What should we be storing, and when?
sdmccabe opened this issue · 1 comments
Our approach of using self.results
to store intermediate results arose mostly from the network reconstruction context; there we typically wanted to store, e.g., the pure weights matrix so that we could play with thresholding. For distances, especially, some of these intermediate representations may be less useful; we should think about what, precisely, we want to store for each.
I think this might be covered under our big issue about representing distances (#174), but I'm opening a separate issue to put it on the table. That is, we store the eigenvalues in NBD so that we can experiment with different distances; if we implement #174 that may change the utility of storing the eigenvalues.

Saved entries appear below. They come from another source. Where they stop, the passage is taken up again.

(* Let $K\subseteq\mathbb{R}^p$ be compact, $S_0$ a set of covariate values, $\sigma>0$, and $r$ such that for every $x$, $\beta\mapsto r(x,\beta)$ is a polynomial of degree at most $\zeta$ (an integer $\ge1$); assume $\mathfrak{L}_{S_0}:=\sup_{x\in S_0}\mathfrak{L}(x)\in(0,\infty)$. Let $G$ be a probability measure supported on $K$. Then for every $a\ge1$ there exists a discrete probability measure $G'$ supported on at most $$(2\lfloor 13.5a^2\rfloor\zeta+1)^p\,N(a\sigma/\mathfrak{L}_{S_0},K)+1$$ points of $K$ such that $$\sup_{(x,y)\in S_0\times\mathbb{R}}|f^G_x(y)-f^{G'}_x(y)|\le\Big(1+\frac{1}{\sqrt{2\pi}}\Big)\frac{e^{-a^2/2}}{(2\pi)^{1/2}\sigma}.$$
   Context: $\phi$ is the standard normal density; $f^G_x(y):=\int\frac1\sigma\phi\big(\frac{y-r(x,\beta)}{\sigma}\big)\,dG(\beta)$. $\mathfrak{L}(x):=\sup_{\beta_1,\beta_2\in K,\beta_1\ne\beta_2}\frac{|r(x,\beta_1)-r(x,\beta_2)|}{\|\beta_1-\beta_2\|}$. $N(\epsilon,K)$ is the $\epsilon$-covering number of $K$ in the Euclidean metric: the smallest cardinality of a set $S$ with $\sup_{t\in K}\inf_{s\in S}\|s-t\|\le\epsilon$. *)

theory Defs
  imports "HOL-Probability.Probability"
begin

definition mix_density ::
  "('x \<Rightarrow> 'b \<Rightarrow> real) \<Rightarrow> real \<Rightarrow> 'b measure \<Rightarrow> 'x \<Rightarrow> real \<Rightarrow> real" where
  "mix_density r \<sigma> G x y =
     (\<integral>\<beta>. (1 / \<sigma>) * std_normal_density ((y - r x \<beta>) / \<sigma>) \<partial>G)"

definition poly_deg_le :: "nat \<Rightarrow> (real ^ 'p \<Rightarrow> real) \<Rightarrow> bool" where
  "poly_deg_le d f \<longleftrightarrow>
     (\<exists>A :: ('p \<Rightarrow> nat) set. \<exists>c :: ('p \<Rightarrow> nat) \<Rightarrow> real.
        finite A \<and> (\<forall>\<alpha>\<in>A. (\<Sum>i\<in>UNIV. \<alpha> i) \<le> d) \<and>
        (\<forall>\<beta>. f \<beta> = (\<Sum>\<alpha>\<in>A. c \<alpha> * (\<Prod>i\<in>UNIV. (\<beta> $ i) ^ (\<alpha> i)))))"

text \<open>Lipschitz constant L(x) on K (in ereal, so that an infinite supremum is +infinity).\<close>
definition lipK :: "('x \<Rightarrow> 'b::real_normed_vector \<Rightarrow> real) \<Rightarrow> 'b set \<Rightarrow> 'x \<Rightarrow> ereal" where
  "lipK r K x = (SUP \<beta>\<in>{(b1, b2). b1 \<in> K \<and> b2 \<in> K \<and> b1 \<noteq> b2}.
      ereal (\<bar>r x (fst \<beta>) - r x (snd \<beta>)\<bar> / norm (fst \<beta> - snd \<beta>)))"

definition lipS :: "('x \<Rightarrow> 'b::real_normed_vector \<Rightarrow> real) \<Rightarrow> 'b set \<Rightarrow> 'x set \<Rightarrow> ereal" where
  "lipS r K S0 = (SUP x\<in>S0. lipK r K x)"

definition covering_number :: "real \<Rightarrow> 'b::metric_space set \<Rightarrow> nat" where
  "covering_number \<epsilon> K =
     (LEAST n. \<exists>S. finite S \<and> card S = n \<and> (\<forall>t\<in>K. \<exists>s\<in>S. dist s t \<le> \<epsilon>))"

end

theory Submission
  imports Defs
begin

text \<open>
  Cover K by N = N(a sigma/L, K) balls of radius eps = a sigma/L and refine the cover to a fine
  Borel partition of K; moving the mass of each cell to one representative point costs only a
  small Lipschitz error. Inside one ball the regression function varies by at most 2 a sigma, so
  on the cells of that ball the Gaussian kernel is either uniformly below
  exp(-a^2/2) / (sqrt(2 pi) sigma), or it agrees up to that error with its Taylor polynomial of
  degree k = floor(13.5 a^2) in -((y - r)/sigma)^2/2, which is a polynomial of degree 2 k zeta
  in beta. Hence every reweighting of the representatives that preserves, ball by ball, all
  moments of degree at most 2 k zeta changes the mixture density by at most that error, and a
  Caratheodory argument finds such a reweighting supported on at most (2 k zeta + 1)^p N + 1
  points.
\<close>

section \<open>Polynomial functions and their moments\<close>

definition monomial :: "('p \<Rightarrow> nat) \<Rightarrow> real ^ 'p \<Rightarrow> real" where
  "monomial \<alpha> \<beta> = (\<Prod>i\<in>UNIV. (\<beta> $ i) ^ (\<alpha> i))"

inductive polyfun :: "nat \<Rightarrow> (real ^ 'p \<Rightarrow> real) \<Rightarrow> bool" for d where
  polyfun_monomial: "sum \<alpha> UNIV \<le> d \<Longrightarrow> polyfun d (\<lambda>\<beta>. c * monomial \<alpha> \<beta>)"
| polyfun_add: "polyfun d f \<Longrightarrow> polyfun d g \<Longrightarrow> polyfun d (\<lambda>\<beta>. f \<beta> + g \<beta>)"

lemma monomial_0 [simp]: "monomial (\<lambda>_. 0) \<beta> = 1"
  by (simp add: monomial_def)

lemma monomial_add: "monomial (\<lambda>i. \<alpha> i + \<alpha>' i) \<beta> = monomial \<alpha> \<beta> * monomial \<alpha>' \<beta>"
  by (simp add: monomial_def power_add prod.distrib)

lemma continuous_on_monomial: "continuous_on S (monomial \<alpha>)"
  unfolding monomial_def by (intro continuous_intros)

lemma polyfun_const: "polyfun d (\<lambda>\<beta>. c)"
  using polyfun_monomial[of "\<lambda>_. 0" d c] by simp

I think the point is to figure out where netrd fits within a user's workflow. For example, if I have two graphs, I might want to load them in memory, compute/plot their eigenvalues, and then compute the distance.

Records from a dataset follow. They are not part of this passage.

definition cost_MS :: "'a set \<Rightarrow> 'a set \<Rightarrow> ('a \<times> 'a) set \<Rightarrow> nat" where
  "cost_MS C A r = (\<Sum>x\<in>C - A. min (card {y \<in> A. (y, x) \<in> r}) (card {y \<in> A. (x, y) \<in> r}))"

definition cost_FT :: "'a set \<Rightarrow> 'a set \<Rightarrow> ('a \<times> 'a) set \<Rightarrow> nat" where
  "cost_FT C A r = (\<Sum>x\<in>C - A. card {y \<in> A. (y, x) \<in> r} * card {y \<in> A. (x, y) \<in> r})"

definition total_cost :: "('a set \<Rightarrow> 'a set \<Rightarrow> ('a \<times> 'a) set \<Rightarrow> nat) \<Rightarrow> 'a set \<Rightarrow> 'a set list \<Rightarrow> ('a \<times> 'a) set \<Rightarrow> nat" where
  "total_cost cost C P r = sum_list (map (\<lambda>A. cost C A r) P)"

definition scoring_rule :: "('a set \<Rightarrow> 'a set \<Rightarrow> ('a \<times> 'a) set \<Rightarrow> nat) \<Rightarrow> 'a set \<Rightarrow> 'a set list \<Rightarrow> ('a \<times> 'a) set set" where
  "scoring_rule cost C P = {r \<in> axes C. \<forall>r' \<in> axes C. total_cost cost C P r \<le> total_cost cost C P r'}"

end

theory Submission
  imports Defs "HOL-Combinatorics.Multiset_Permutations"
begin

text \<open>VD charges each ballot 0 or 1. Among the axes that are optimal for P, take one that is also
  optimal for the new ballot A alone. Any other axis is either optimal for P as well, and then no
  better on A, or it is worse on P by at least 1, which the new ballot, contributing at most 1,
  cannot make up. So stability holds for every rule whose cost is bounded by 1.

  The four remaining rules have unbounded costs, and small instability witnesses (on four or five
  candidates) are verified by enumerating all axes. To make this enumeration executable, an axis is
  represented by the list of candidates in axis order, and each cost is computed on that list.\<close>

fun precedes :: "'a list \<Rightarrow> 'a \<Rightarrow> 'a \<Rightarrow> bool" where
  "precedes [] x y = False"
| "precedes (z # zs) x y = ((x = z \<and> y \<in> set zs) \<or> precedes zs x y)"

definition axis_of :: "'a list \<Rightarrow> ('a \<times> 'a) set" where
  "axis_of xs = {(x, y). precedes xs x y}"

lemma in_axis_of [simp]: "(x, y) \<in> axis_of xs \<longleftrightarrow> precedes xs x y"
  by (simp add: axis_of_def)

lemma axis_of_Cons: "axis_of (m # xs) = Pair m ` set xs \<union> axis_of xs"
  by (auto simp: axis_of_def)

lemma precedes_in_set: "precedes xs x y \<Longrightarrow> x \<in> set xs \<and> y \<in> set xs"
  by (induction xs) auto

lemma precedes_irrefl: "distinct xs \<Longrightarrow> \<not> precedes xs x x"
  by (induction xs) (auto dest: precedes_in_set)

lemma precedes_trans: "distinct xs \<Longrightarrow> precedes xs x y \<Longrightarrow> precedes xs y z \<Longrightarrow> precedes xs x z"
  by (induction xs) (auto dest: precedes_in_set)

lemma precedes_total:
  "x \<in> set xs \<Longrightarrow> y \<in> set xs \<Longrightarrow> x \<noteq> y \<Longrightarrow> precedes xs x y \<or> precedes xs y x"
  by (induction xs) auto

lemma axis_of_in_axes: "distinct xs \<Longrightarrow> axis_of xs \<in> axes (set xs)"
  unfolding axes_def strict_linear_order_on_def
  by (auto simp: trans_def irrefl_def total_on_def
      dest: precedes_in_set precedes_irrefl precedes_trans precedes_total)

lemma axes_nonempty: "finite C \<Longrightarrow> axes C \<noteq> {}"
  using finite_distinct_list[of C] axis_of_in_axes by blast

lemma axis_restrict: "r \<in> axes C \<Longrightarrow> D \<subseteq> C \<Longrightarrow> r \<inter> (D \<times> D) \<in> axes D"
  unfolding axes_def strict_linear_order_on_def trans_def irrefl_def total_on_def by blast

lemma axis_has_least:
  assumes "finite C" "C \<noteq> {}" "r \<in> axes C"
  obtains m where "m \<in> C" "\<And>x. x \<in> C \<Longrightarrow> x \<noteq> m \<Longrightarrow> (m, x) \<in> r"
proof -
  have lin: "trans r" "irrefl r" "total_on C r" "r \<subseteq> C \<times> C"
    using assms(3) by (auto simp: axes_def strict_linear_order_on_def)
  then have "wf r"
    using assms(1) by (intro finite_acyclic_wf) (auto simp: acyclic_irrefl intro: finite_subset)
  then obtain m where "m \<in> C" "\<And>y. (y, m) \<in> r \<Longrightarrow> y \<notin> C"
    using wfE_min'[OF \<open>wf r\<close> assms(2)] by blast
  with lin(3) show ?thesis
    by (intro that) (auto simp: total_on_def)
qed

lemma axis_split_least:
  assumes r: "r \<in> axes C" and m: "m \<in> C" "\<And>x. x \<in> C \<Longrightarrow> x \<noteq> m \<Longrightarrow> (m, x) \<in> r"
  shows "r = Pair m ` (C - {m}) \<union> r \<inter> ((C - {m}) \<times> (C - {m}))"
proof -
  have "trans r" "irrefl r" "r \<subseteq> C \<times> C"
    using r by (auto simp: axes_def strict_linear_order_on_def)
  then have "(a, m) \<notin> r" for a
    using m by (cases "a = m") (auto simp: irrefl_def dest: transD)
  with \<open>r \<subseteq> C \<times> C\<close> m show ?thesis by fast
qed

lemma axes_eq_axis_of:
  assumes "finite C" "r \<in> axes C"
  shows "\<exists>xs. distinct xs \<and> set xs = C \<and> r = axis_of xs"
  using assms
proof (induction "card C" arbitrary: C r)
  case 0
  then show ?case by (auto simp: axes_def axis_of_def)
next
  case (Suc n)
  then have "C \<noteq> {}" by auto
  then obtain m where m: "m \<in> C" "\<And>x. x \<in> C \<Longrightarrow> x \<noteq> m \<Longrightarrow> (m, x) \<in> r"
    using axis_has_least[OF Suc.prems(1) _ Suc.prems(2)] by blast
  have "n = card (C - {m})" "finite (C - {m})"
    using Suc.hyps(2) Suc.prems(1) m(1) by auto
  then obtain xs where xs: "distinct xs" "set xs = C - {m}"
      "r \<inter> ((C - {m}) \<times> (C - {m})) = axis_of xs"
    using Suc.hyps(1) axis_restrict[OF Suc.prems(2), of "C - {m}"] by blast
  then have "r = axis_of (m # xs)"
    using axis_split_least[OF Suc.prems(2) m] by (simp add: axis_of_Cons)
  with xs m(1) show ?case
    by (intro exI[of _ "m # xs"]) auto
qed

lemma set_permutations_of_list_impl_iff:
  assumes "distinct L"
  shows "xs \<in> set (permutations_of_list_impl L) \<longleftrightarrow> distinct xs \<and> set xs = set L"
proof -
  from assms have "set (permutations_of_list_impl L) = permutations_of_set (set L)"
    by (simp add: set_permutations_of_list_impl permutations_of_set_altdef mset_set_set)
  then show ?thesis by (auto simp: permutations_of_set_def)
qed

lemma total_cost_append:
  "total_cost cost C (P @ [A]) r = total_cost cost C P r + cost C A r"
  by (simp add: total_cost_def)

lemma axes_finite: "finite C \<Longrightarrow> finite (axes C)"
  by (rule finite_subset[of _ "Pow (C \<times> C)"]) (auto simp: axes_def)

lemma scoring_rule_nonempty:
  assumes "finite (axes C)" "axes C \<noteq> {}"
  shows "scoring_rule cost C P \<noteq> {}"
  using ex_is_arg_min_if_finite[OF assms, of "total_cost cost C P"]
  by (auto simp: scoring_rule_def is_arg_min_linorder)

lemma scoring_rule_stable_if_cost_le_1:
  assumes fin: "finite (axes C)" and ne: "axes C \<noteq> {}" and le_1: "\<And>r. cost C A r \<le> 1"
  shows "scoring_rule cost C P \<inter> scoring_rule cost C (P @ [A]) \<noteq> {}"
proof -
  let ?S = "scoring_rule cost C P" and ?t = "total_cost cost C P"
  have "finite ?S" "?S \<noteq> {}"
    using fin scoring_rule_nonempty[OF fin ne] by (auto simp: scoring_rule_def)
  then obtain r where r: "r \<in> ?S" and r_min_A: "\<And>r'. r' \<in> ?S \<Longrightarrow> cost C A r \<le> cost C A r'"
    using ex_is_arg_min_if_finite[of ?S "cost C A"] by (auto simp: is_arg_min_linorder)
  have "?t r + cost C A r \<le> ?t r' + cost C A r'" if r': "r' \<in> axes C" for r'
  proof (cases "r' \<in> ?S")
    case True
    then show ?thesis using r r_min_A[OF True] by (force simp: scoring_rule_def)
  next
    case False
    then have "?t r < ?t r'"
      using r r' by (force simp: scoring_rule_def not_le)
    then show ?thesis using le_1[of r] by linarith
  qed
  then have "r \<in> scoring_rule cost C (P @ [A])"
    using r by (simp add: scoring_rule_def total_cost_append)
  with r show ?thesis by blast
qed

lemma VD_stable:
  "finite C \<Longrightarrow> scoring_rule cost_VD C P \<inter> scoring_rule cost_VD C (P @ [A]) \<noteq> {}"
  by (rule scoring_rule_stable_if_cost_le_1) (auto simp: axes_finite axes_nonempty cost_VD_def)

lemma card_Collect_eq_length_filter:
  "distinct xs \<Longrightarrow> A \<subseteq> set xs \<Longrightarrow> card {x \<in> A. P x} = length (filter (\<lambda>x. x \<in> A \<and> P x) xs)"
  by (simp add: distinct_length_filter Int_absorb2 subset_iff)

lemma card_Collect_diff_eq_length_filter:
  assumes "distinct xs"
  shows "card {x \<in> set xs - A. P x} = length (filter (\<lambda>x. x \<notin> A \<and> P x) xs)"
proof -
  have "{x \<in> set xs - A. P x} = {x. x \<notin> A \<and> P x} \<inter> set xs" by blast
  with assms show ?thesis by (simp only: distinct_length_filter)
qed

lemma sum_diff_eq_sum_list_filter:
  "distinct xs \<Longrightarrow> (\<Sum>x\<in>set xs - A. g x) = sum_list (map g (filter (\<lambda>x. x \<notin> A) xs))"
  by (simp add: sum_list_distinct_conv_sum_set set_diff_eq)

definition left_count :: "'a list \<Rightarrow> 'a set \<Rightarrow> 'a \<Rightarrow> nat" where
  "left_count xs A x = length (filter (\<lambda>y. y \<in> A \<and> precedes xs y x) xs)"

definition right_count :: "'a list \<Rightarrow> 'a set \<Rightarrow> 'a \<Rightarrow> nat" where
  "right_count xs A x = length (filter (\<lambda>y. y \<in> A \<and> precedes xs x y) xs)"

definition cost_MF_list :: "'a list \<Rightarrow> 'a set \<Rightarrow> nat" where
  "cost_MF_list xs A = Min (set (map (\<lambda>(x, y).
        length (filter (\<lambda>z. z \<in> A \<and> (precedes xs z x \<or> precedes xs y z)) xs)
      + length (filter (\<lambda>z. z \<notin> A \<and> precedes xs x z \<and> precedes xs z y) xs))
    (filter (\<lambda>(x, y). x \<in> A \<and> y \<in> A \<and> (x = y \<or> precedes xs x y)) (List.product xs xs))))"

definition cost_BC_list :: "'a list \<Rightarrow> 'a set \<Rightarrow> nat" where
  "cost_BC_list xs A =
    length (filter (\<lambda>b. b \<notin> A \<and> (\<exists>a\<in>A. \<exists>c\<in>A. precedes xs a b \<and> precedes xs b c)) xs)"

definition cost_MS_list :: "'a list \<Rightarrow> 'a set \<Rightarrow> nat" where
  "cost_MS_list xs A =
    sum_list (map (\<lambda>x. min (left_count xs A x) (right_count xs A x)) (filter (\<lambda>x. x \<notin> A) xs))"

definition cost_FT_list :: "'a list \<Rightarrow> 'a set \<Rightarrow> nat" where
  "cost_FT_list xs A =
    sum_list (map (\<lambda>x. left_count xs A x * right_count xs A x) (filter (\<lambda>x. x \<notin> A) xs))"

lemma cost_MF_axis_of:
  assumes "distinct xs" "A \<subseteq> set xs"
  shows "cost_MF (set xs) A (axis_of xs) = cost_MF_list xs A"
proof -
  have "{(x, y). x \<in> A \<and> y \<in> A \<and> (x = y \<or> (x, y) \<in> axis_of xs)}
      = set (filter (\<lambda>(x, y). x \<in> A \<and> y \<in> A \<and> (x = y \<or> precedes xs x y)) (List.product xs xs))"
    using assms(2) by auto
  then show ?thesis
    unfolding cost_MF_def cost_MF_list_def in_axis_of set_map
      card_Collect_eq_length_filter[OF assms] card_Collect_diff_eq_length_filter[OF assms(1)]
    by simp
qed

lemma cost_BC_axis_of:
  "distinct xs \<Longrightarrow> A \<subseteq> set xs \<Longrightarrow> cost_BC (set xs) A (axis_of xs) = cost_BC_list xs A"
  unfolding cost_BC_def cost_BC_list_def in_axis_of by (rule card_Collect_diff_eq_length_filter)

lemma cost_MS_axis_of:
  "distinct xs \<Longrightarrow> A \<subseteq> set xs \<Longrightarrow> cost_MS (set xs) A (axis_of xs) = cost_MS_list xs A"
  by (simp add: cost_MS_def cost_MS_list_def left_count_def right_count_def card_Collect_eq_length_filter
      sum_diff_eq_sum_list_filter)

lemma cost_FT_axis_of:
  "distinct xs \<Longrightarrow> A \<subseteq> set xs \<Longrightarrow> cost_FT (set xs) A (axis_of xs) = cost_FT_list xs A"
  by (simp add: cost_FT_def cost_FT_list_def left_count_def right_count_def card_Collect_eq_length_filter
      sum_diff_eq_sum_list_filter)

graph1, graph2 = # some graphs
vals1, vals2 = compute_eigenvalues(graph1), compute_eigenvalues(graph2)
plt.scatter(vals1)
plt.scatter(vals2)
dist = graph_distance(graph1, graph2)
Right now, netrd forces a different workflow which I think is less intuitive/natural.
graph1, graph2 = # some graphs
distance = netrd.distance.NonBacktrackingSpectral()

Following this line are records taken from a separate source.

section \<open>Mutual information of a Beta--Bernoulli pair\<close>

lemma beta_bern_density_nonneg:
  assumes "0 < a" "0 < b"
  shows "0 \<le> beta_bern_density a b z"
proof (cases "0 < fst z \<and> fst z < 1")
  case True
  then show ?thesis
    using beta_density_nonneg[OF assms, of "fst z"]
    by (auto simp: beta_bern_density_def intro!: mult_nonneg_nonneg)
next
  case False
  then show ?thesis by (auto simp: beta_bern_density_def beta_density_def)
qed

lemma nn_integral_beta_bern_density:
  assumes "0 < a" "0 < b"
  shows "(\<integral>\<^sup>+x. ennreal (beta_bern_density a b (x, y)) \<partial>lborel)
           = ennreal (if y then a / (a + b) else b / (a + b))"
proof -
  define w where "w x = (if y then x else 1 - x) * beta_kernel a b x / Beta a b" for x
  have "(w has_integral (if y then a / (a + b) else b / (a + b))) {0..1}"
    using has_integral_divide[OF has_integral_mult_beta_kernel(1)[OF assms], of "Beta a b"]
      has_integral_divide[OF has_integral_mult_beta_kernel(2)[OF assms], of "Beta a b"]
      Beta_real_pos[OF assms]
    by (cases y) (simp_all add: w_def[abs_def])
  then have "(w has_integral (if y then a / (a + b) else b / (a + b))) {0<..<1}"
    by (simp add: has_integral_Icc_iff_Ioo)
  moreover have "0 \<le> w x" if "x \<in> {0<..<1}" for x
    using that assms
    by (auto simp: w_def Beta_real_pos beta_kernel_nonneg intro!: divide_nonneg_pos mult_nonneg_nonneg)
  ultimately have "(\<integral>\<^sup>+x. ennreal (indicator {0<..<1} x * w x) \<partial>lborel)
      = ennreal (if y then a / (a + b) else b / (a + b))"
    by (intro nn_integral_has_integral_lebesgue) auto
  moreover have "beta_bern_density a b (x, y) = indicator {0<..<1} x * w x" for x
    by (simp add: beta_bern_density_def beta_density_eq_kernel w_def)
  ultimately show ?thesis by simp
qed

dist = distance.dist(graph1, graph2)
vals1, vals2 = dist.results['vals']
plt.scatter(vals1)
plt.scatter(vals2)
I can't really think of a situation where I would like to compute the NBD between two graphs but never use the eigenvalues. So I will always want dist.results to store the eigenvalues every time.
One alternative is to have netrd accept precomputed intermediate values, like this
vals1, vals2 = compute_eigenvalues(graph1), compute_eigenvalues(graph2)
# ... some intermediate analysis
dist = distance.dist(graph1, graph2, vals1=vals1, vals2=vals2)
Though of course it would be much cleaner to have
vals1, vals2 = compute_eigenvalues(graph1), compute_eigenvalues(graph2)
# ... some intermediate analysis
dist = netrd.EMD(vals1, vals2) # or dist = netrd.JSD(vals1, vals2), etc
In this case, the distance module of netrd would really become two sub-modules: one that computes arbitrary statistics, and one that implements many different ways of comparing said statistics (plus a file putting the two together and implementing more complicated methods that involve pre/post-processing such as LaplacianSpectralDistance).
Having said all of this, I admit that this is just what seems more natural to me, and we should try to design netrd so it can be used with many different workflows. It seems to me that storing all the intermediate work or accepting it as parameter is also the way to go in this case since it allows for different alternatives.